Tony Pace is President/CEO of MASB. He brings extensive experience from across the marketing spectrum, in roles of increasing responsibility at advertising agencies and as a marketing leader. At Young & Rubicam and McCann-Erickson, he led brands such as KFC, Coca-Cola and Capital One. In addition to his client leadership responsibilities, Tony oversaw both revenue generation and P/L responsibility as General Manager of McCann Southwest and co-founder of Momentum, IPG’s global experiential marketing firm. As CMO of Subway, he grew that brand to #2 in market share in the U.S. and #1 in locations worldwide. During his tenure, Subway’s brand value, as tracked by Millward Brown’s Brand Z assessment, rose from unranked to #40 (over $22 billion). Tony’s goal with MASB is to raise the profile and influence of the organization to the benefit of the marketing community. He earned his undergraduate degree at the University of Notre Dame and MBA in Finance from The Wharton School at the University of Pennsylvania

Karen Ebben, MASB Director, is President of Global Marketing Impact, LLC. An award-winning Fortune 100 Marketing and Advertising executive with 20+ years of global analytics, research & consumer insights experience, she is a consultant specializing in improving marketing effectiveness. Previously, she was Director of Global Advertising & Marketing Effectiveness for General Motors, where she accelerated improvements in marketing accountability. Her work has earned Cannes, AME, DMA and Effie recognition. Karen’s sponsorship experiences span negotiation, strategy, activation & measurement of Olympics, Golf, Fashion Week, Motorsports, Disney Test Track and other entertainment and cause related venues. She co-leads MASB’s Sponsorship Accountability Metrics (SAM) and Marketing Metric Catalog (MMC) initiatives.
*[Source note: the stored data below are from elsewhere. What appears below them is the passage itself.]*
lemma integrable_continuous_matrix_vector_mult:
  fixes A :: "real \<Rightarrow> real^'m^'n" and f :: "real \<Rightarrow> real^'m"
  assumes A: "continuous_on {a..b} A" and f: "integrable (lebesgue_on {a..b}) f"
  shows "integrable (lebesgue_on {a..b}) (\<lambda>s. A s *v f s)"
proof -
  obtain B where B: "0 < B" "\<And>s. s \<in> {a..b} \<Longrightarrow> norm (A s) \<le> B"
    using continuous_on_Icc_norm_bound[OF A] by blast
  have A_meas: "A \<in> borel_measurable (lebesgue_on {a..b})"
    by (rule continuous_imp_measurable_on_sets_lebesgue[OF A]) simp
  have meas: "(\<lambda>s. A s *v f s) \<in> borel_measurable (lebesgue_on {a..b})"
    using borel_measurable_bilinear[OF bilinear_matrix_vector_mult A_meas
        borel_measurable_integrable[OF f]] by simp
  have int: "integrable (lebesgue_on {a..b}) (\<lambda>s. real CARD('n) * B * norm (f s))"
    using f by simp
  have bound: "norm (A s *v f s) \<le> norm (real CARD('n) * B * norm (f s))" if "s \<in> {a..b}" for s
  proof -
    have "norm (A s *v f s) \<le> real CARD('n) * norm (A s) * norm (f s)"
      by (rule norm_matrix_vector_mult_le)
    also have "\<dots> \<le> real CARD('n) * B * norm (f s)"
      using B that by (intro mult_right_mono mult_left_mono) auto
    finally show ?thesis using B by simp
  qed
  show ?thesis
    using bound by (intro Bochner_Integration.integrable_bound[OF int meas] AE_lebesgue_onI)
qed

lemma integral_lebesgue_on_subinterval_indicator:
  fixes h :: "real \<Rightarrow> real"
  assumes "{c..d} \<subseteq> {a..b}"
  shows "integral\<^sup>L (lebesgue_on {c..d}) h
    = integral\<^sup>L (lebesgue_on {a..b}) (\<lambda>s. indicator {c..d} s * h s)"
proof -
  have "integral\<^sup>L (lebesgue_on {c..d}) h = integral\<^sup>L lebesgue (\<lambda>s. indicator {c..d} s *\<^sub>R h s)"
    by (rule integral_restrict_space) simp
  also have "\<dots> = integral\<^sup>L lebesgue (\<lambda>s. indicator {a..b} s *\<^sub>R (indicator {c..d} s * h s))"
    using assms by (intro Bochner_Integration.integral_cong) (auto simp: indicator_def)
  also have "\<dots> = integral\<^sup>L (lebesgue_on {a..b}) (\<lambda>s. indicator {c..d} s * h s)"
    by (rule integral_restrict_space[symmetric]) simp
  finally show ?thesis .
qed

text \<open>Testing the weak convergence with the rows of \<open>A\<close>, cut off at \<open>t\<close>.\<close>

lemma tendsto_integral_matrix_vector_mult_weak:
  fixes A :: "real \<Rightarrow> real^'m^'n" and v :: "nat \<Rightarrow> real \<Rightarrow> real^'m"
  assumes A: "continuous_on {a..b} A" and t: "t \<in> {a..b}"
    and v_int: "\<And>k. integrable (lebesgue_on {a..b}) (v k)"
    and w_int: "integrable (lebesgue_on {a..b}) w"
    and weak: "\<And>g :: real \<Rightarrow> real^'m. g \<in> borel_measurable (lebesgue_on {a..b}) \<Longrightarrow>
      (\<exists>B. AE s in lebesgue_on {a..b}. norm (g s) \<le> B) \<Longrightarrow>
      (\<lambda>k. integral\<^sup>L (lebesgue_on {a..b}) (\<lambda>s. v k s \<bullet> g s))
        \<longlonglongrightarrow> integral\<^sup>L (lebesgue_on {a..b}) (\<lambda>s. w s \<bullet> g s)"
  shows "(\<lambda>k. integral\<^sup>L (lebesgue_on {a..t}) (\<lambda>s. A s *v v k s))
    \<longlonglongrightarrow> integral\<^sup>L (lebesgue_on {a..t}) (\<lambda>s. A s *v w s)"
proof (rule vec_tendstoI)
  fix i
  have sub: "{a..t} \<subseteq> {a..b}" using t by auto
  have A_t: "continuous_on {a..t} A" by (rule continuous_on_subset[OF A sub])
  define g where "g s = indicator {a..t} s *\<^sub>R A s $ i" for s
  obtain B where B: "0 < B" "\<And>s. s \<in> {a..b} \<Longrightarrow> norm (A s) \<le> B"
    using continuous_on_Icc_norm_bound[OF A] by blast
  have g_meas: "g \<in> borel_measurable (lebesgue_on {a..b})"
  proof -
    have "(\<lambda>s. A s $ i) \<in> borel_measurable (lebesgue_on {a..b})"
      by (intro continuous_imp_measurable_on_sets_lebesgue continuous_on_component A) simp
    moreover have "{a..t} \<in> sets (lebesgue_on {a..b})"
      using sub by (simp add: sets_restrict_space_iff)
    ultimately show ?thesis unfolding g_def by (intro borel_measurable_scaleR borel_measurable_indicator)
  qed
  have g_bdd: "\<exists>B. AE s in lebesgue_on {a..b}. norm (g s) \<le> B"
  proof (intro exI AE_lebesgue_onI)
    fix s assume "s \<in> {a..b}"
    have "norm (g s) \<le> norm (A s $ i)" by (simp add: g_def indicator_def)
    also have "\<dots> \<le> norm (A s)" by (rule Finite_Cartesian_Product.norm_nth_le)
    finally show "norm (g s) \<le> B" using B(2)[OF \<open>s \<in> {a..b}\<close>] by linarith
  qed
  have row: "integral\<^sup>L (lebesgue_on {a..t}) (\<lambda>s. A s *v f s) $ i
      = integral\<^sup>L (lebesgue_on {a..b}) (\<lambda>s. f s \<bullet> g s)"
    if "integrable (lebesgue_on {a..b}) f" for f
  proof -
    have "integrable (lebesgue_on {a..t}) (\<lambda>s. A s *v f s)"
      by (intro integrable_continuous_matrix_vector_mult A_t integrable_subinterval[OF that sub])
    then have "integral\<^sup>L (lebesgue_on {a..t}) (\<lambda>s. A s *v f s) $ i
        = integral\<^sup>L (lebesgue_on {a..t}) (\<lambda>s. (A s *v f s) $ i)"
      by (rule integral_bounded_linear[OF bounded_linear_vec_nth, symmetric])
    also have "\<dots> = integral\<^sup>L (lebesgue_on {a..t}) (\<lambda>s. f s \<bullet> A s $ i)"
      by (simp add: matrix_mult_dot inner_commute)
    also have "\<dots> = integral\<^sup>L (lebesgue_on {a..b}) (\<lambda>s. f s \<bullet> g s)"
      by (simp add: integral_lebesgue_on_subinterval_indicator[OF sub] g_def)
    finally show ?thesis .
  qed
  show "(\<lambda>k. integral\<^sup>L (lebesgue_on {a..t}) (\<lambda>s. A s *v v k s) $ i)
      \<longlonglongrightarrow> integral\<^sup>L (lebesgue_on {a..t}) (\<lambda>s. A s *v w s) $ i"
    unfolding row[OF v_int] row[OF w_int] by (rule weak[OF g_meas g_bdd])
qed

lemma continuous_on_integral_lebesgue_on:
  fixes g :: "real \<Rightarrow> 'b::euclidean_space"
  assumes "integrable (lebesgue_on {a..b}) g"
  shows "continuous_on {a..b} (\<lambda>t. integral\<^sup>L (lebesgue_on {a..t}) g)"
proof (rule continuous_on_eq)
  show "continuous_on {a..b} (\<lambda>t. integral {a..t} g)"
    by (intro indefinite_integral_continuous_1 integrable_on_lebesgue_on[OF assms]) simp
  show "integral {a..t} g = integral\<^sup>L (lebesgue_on {a..t}) g" if "t \<in> {a..b}" for t
    using that
    by (intro lebesgue_integral_eq_integral[symmetric] integrable_subinterval[OF assms]) auto
qed

lemma norm_integral_lebesgue_on_increment_le:
  fixes f :: "real \<Rightarrow> 'b::euclidean_space"
  assumes f: "integrable (lebesgue_on {a..b}) f" and g: "integrable (lebesgue_on {a..b}) g"
    and bound: "AE s in lebesgue_on {a..b}. norm (f s) \<le> g s"
    and st: "a \<le> s" "s \<le> t" "t \<le> b"
  shows "norm (integral\<^sup>L (lebesgue_on {a..t}) f - integral\<^sup>L (lebesgue_on {a..s}) f)
    \<le> integral\<^sup>L (lebesgue_on {a..t}) g - integral\<^sup>L (lebesgue_on {a..s}) g"
proof -
  have sub: "{a..t} \<subseteq> {a..b}" "{s..t} \<subseteq> {a..b}" using st by auto
  have "integral\<^sup>L (lebesgue_on {a..t}) f - integral\<^sup>L (lebesgue_on {a..s}) f
      = integral\<^sup>L (lebesgue_on {s..t}) f"
    using Equivalence_Measurable_On_Borel.integral_combine[OF integrable_subinterval[OF f sub(1)], of s]
      st by simp
  moreover have "integral\<^sup>L (lebesgue_on {a..t}) g - integral\<^sup>L (lebesgue_on {a..s}) g
      = integral\<^sup>L (lebesgue_on {s..t}) g"
    using Equivalence_Measurable_On_Borel.integral_combine[OF integrable_subinterval[OF g sub(1)], of s]
      st by simp
  moreover have "norm (integral\<^sup>L (lebesgue_on {s..t}) f) \<le> integral\<^sup>L (lebesgue_on {s..t}) g"
  proof -
    have "AE s in lebesgue_on {s..t}. norm (f s) \<le> g s"
      by (rule AE_lebesgue_on_subset[OF bound sub(2)]) simp_all
    then have "integral\<^sup>L (lebesgue_on {s..t}) (\<lambda>s. norm (f s)) \<le> integral\<^sup>L (lebesgue_on {s..t}) g"
      by (intro integral_mono_AE integrable_norm integrable_subinterval[OF _ sub(2)] f g)
    then show ?thesis using integral_norm_bound order_trans by blast
  qed
  ultimately show ?thesis by simp
qed

lemma norm_integral_lebesgue_on_diff_le:
  fixes f :: "real \<Rightarrow> 'b::euclidean_space"
  assumes f: "integrable (lebesgue_on {a..b}) f" and g: "integrable (lebesgue_on {a..b}) g"
    and bound: "AE s in lebesgue_on {a..b}. norm (f s) \<le> g s"
    and "s \<in> {a..b}" "t \<in> {a..b}"
  shows "norm (integral\<^sup>L (lebesgue_on {a..s}) f - integral\<^sup>L (lebesgue_on {a..t}) f)
    \<le> \<bar>integral\<^sup>L (lebesgue_on {a..s}) g - integral\<^sup>L (lebesgue_on {a..t}) g\<bar>"
proof (cases "s \<le> t")
  case True
  then have "norm (integral\<^sup>L (lebesgue_on {a..s}) f - integral\<^sup>L (lebesgue_on {a..t}) f)
      \<le> integral\<^sup>L (lebesgue_on {a..t}) g - integral\<^sup>L (lebesgue_on {a..s}) g"
    using norm_integral_lebesgue_on_increment_le[OF f g bound, of s t] assms(4,5)
    by (simp add: norm_minus_commute)
  then show ?thesis by arith
next
  case False
  then have "norm (integral\<^sup>L (lebesgue_on {a..s}) f - integral\<^sup>L (lebesgue_on {a..t}) f)
      \<le> integral\<^sup>L (lebesgue_on {a..s}) g - integral\<^sup>L (lebesgue_on {a..t}) g"
    using norm_integral_lebesgue_on_increment_le[OF f g bound, of t s] assms(4,5) by simp
  then show ?thesis by arith
qed

lemma uniform_limit_zero_common_modulus:
  fixes r :: "nat \<Rightarrow> real \<Rightarrow> 'a::real_normed_vector"
  assumes V: "continuous_on {a..b} V"
    and modulus: "\<And>k s t. s \<in> {a..b} \<Longrightarrow> t \<in> {a..b} \<Longrightarrow> norm (r k s - r k t) \<le> \<bar>V s - V t\<bar>"
    and lim: "\<And>t. t \<in> {a..b} \<Longrightarrow> (\<lambda>k. r k t) \<longlonglongrightarrow> 0"
  shows "uniform_limit {a..b} r (\<lambda>_. 0) sequentially"
  unfolding uniform_limit_iff
proof (intro allI impI)
  fix \<epsilon> :: real assume "0 < \<epsilon>"
  have "uniformly_continuous_on {a..b} V"
    by (rule compact_uniformly_continuous[OF V]) simp
  then obtain d where "0 < d" and d: "\<And>s s'. s \<in> {a..b} \<Longrightarrow> s' \<in> {a..b} \<Longrightarrow>
      dist s' s < d \<Longrightarrow> dist (V s') (V s) < \<epsilon>/2"
    using \<open>0 < \<epsilon>\<close> unfolding uniformly_continuous_on_def by (meson half_gt_zero)
  have cover: "{a..b} \<subseteq> (\<Union>c\<in>{a..b}. ball c d)" using \<open>0 < d\<close> by auto
  obtain C where C: "C \<subseteq> {a..b}" "finite C" "{a..b} \<subseteq> (\<Union>c\<in>C. ball c d)"
    using compactE_image[OF compact_Icc _ cover] by blast
  have "\<forall>\<^sub>F k in sequentially. \<forall>c\<in>C. norm (r k c) < \<epsilon>/2"
  proof (rule eventually_ball_finite[OF C(2)], rule ballI)
    fix c assume "c \<in> C"
    then have "(\<lambda>k. norm (r k c)) \<longlonglongrightarrow> 0"
      using C(1) lim tendsto_norm_zero by blast
    then show "\<forall>\<^sub>F k in sequentially. norm (r k c) < \<epsilon>/2"
      using \<open>0 < \<epsilon>\<close> by (intro order_tendstoD(2)) auto
  qed
  then show "\<forall>\<^sub>F k in sequentially. \<forall>t\<in>{a..b}. dist (r k t) 0 < \<epsilon>"
  proof eventually_elim
    case (elim k)
    show ?case
    proof
      fix t assume t: "t \<in> {a..b}"
      obtain c where c: "c \<in> C" "dist c t < d" using C(3) t by auto
      have "norm (r k t - r k c) \<le> \<bar>V t - V c\<bar>" using C(1) c t by (intro modulus) auto
      moreover have "\<bar>V t - V c\<bar> < \<epsilon>/2"
        using d[of c t] C(1) c t by (auto simp: dist_real_def abs_minus_commute)
      moreover have "norm (r k c) < \<epsilon>/2" using elim c(1) by blast
      ultimately show "dist (r k t) 0 < \<epsilon>"
        using norm_triangle_sub[of "r k t" "r k c"] by simp
    qed
  qed
qed
(* Let $H$ be an infinite-dimensional complex Hilbert space and let $\varphi: B(H)\to B(H)$ be an additive map whose range contains $F_2(H)$ and such that $H_{\varphi(T)\varphi(S)^{*}}(\{\lambda\}) = H_{TS^{*}}(\{\lambda\})$ for all $T,S\in B(H)$ and $\lambda\in\mathbb{C}$. Then $\varphi$ is injective and linear, and for every $R\in B(H)$, $R$ has rank one if and only if $\varphi(R)$ has rank one.
   Context: $B(H)$ denotes the algebra of bounded linear operators on $H$, and $T^*$ the adjoint of $T$. $F_2(H)$ is the set of operators in $B(H)$ of rank at most two. For $T\in B(H)$ and $x\in H$, the local resolvent set $\rho_T(x)$ is the union of all open sets $U\subseteq\mathbb{C}$ for which there is an analytic $f:U\to H$ with $(\mu I-T)f(\mu)=x$ for all $\mu\in U$; the local spectrum is $\sigma_T(x)=\mathbb{C}\setminus\rho_T(x)$. For $F\subseteq\mathbb{C}$, $H_T(F)=\{x\in H: \sigma_T(x)\subseteq F\}$. *)

theory Defs
  imports "HOL-Analysis.Analysis"
begin

class scaleC =
  fixes scaleC :: "complex \<Rightarrow> 'a \<Rightarrow> 'a" (infixr "*\<^sub>C" 75)

class complex_vector = real_vector + scaleC +
  assumes scaleC_add_right: "a *\<^sub>C (x + y) = a *\<^sub>C x + a *\<^sub>C y"
    and scaleC_add_left: "(a + b) *\<^sub>C x = a *\<^sub>C x + b *\<^sub>C x"
    and scaleC_scaleC: "a *\<^sub>C (b *\<^sub>C x) = (a * b) *\<^sub>C x"
    and scaleC_one: "1 *\<^sub>C x = x"
    and scaleR_scaleC: "scaleR r x = complex_of_real r *\<^sub>C x"

class complex_inner = complex_vector + real_normed_vector +
  fixes cinner :: "'a \<Rightarrow> 'a \<Rightarrow> complex"
  assumes cinner_commute: "cinner x y = cnj (cinner y x)"
    and cinner_add_left: "cinner (x + y) z = cinner x z + cinner y z"
    and cinner_scaleC_left: "cinner (r *\<^sub>C x) y = cnj r * cinner x y"
    and cinner_ge_zero: "0 \<le> Re (cinner x x)"
    and cinner_eq_zero_iff: "cinner x x = 0 \<longleftrightarrow> x = 0"
    and norm_eq_sqrt_cinner: "norm x = sqrt (Re (cinner x x))"

class chilbert_space = complex_inner + complete_space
Henrik Christensen, MASB Advisor, is the former VP Global Insights, Foresight and Analytics at Molson Coors where he led a team that created enterprise-wide capabilities on advanced analytics, shopper and consumer insights. Key responsibilities included global insights partnerships, consumer/sales testing tools, marketing mix modeling and other advanced analytics. He stewarded Molson Coors’ global insights and analytics ambition and was a member of its enterprise growth team. He’s a member of MASB’s Sponsorship Accountability Metrics (SAM) team and drives best practices in sponsorship from inception of strategy to implementation of measurement protocols.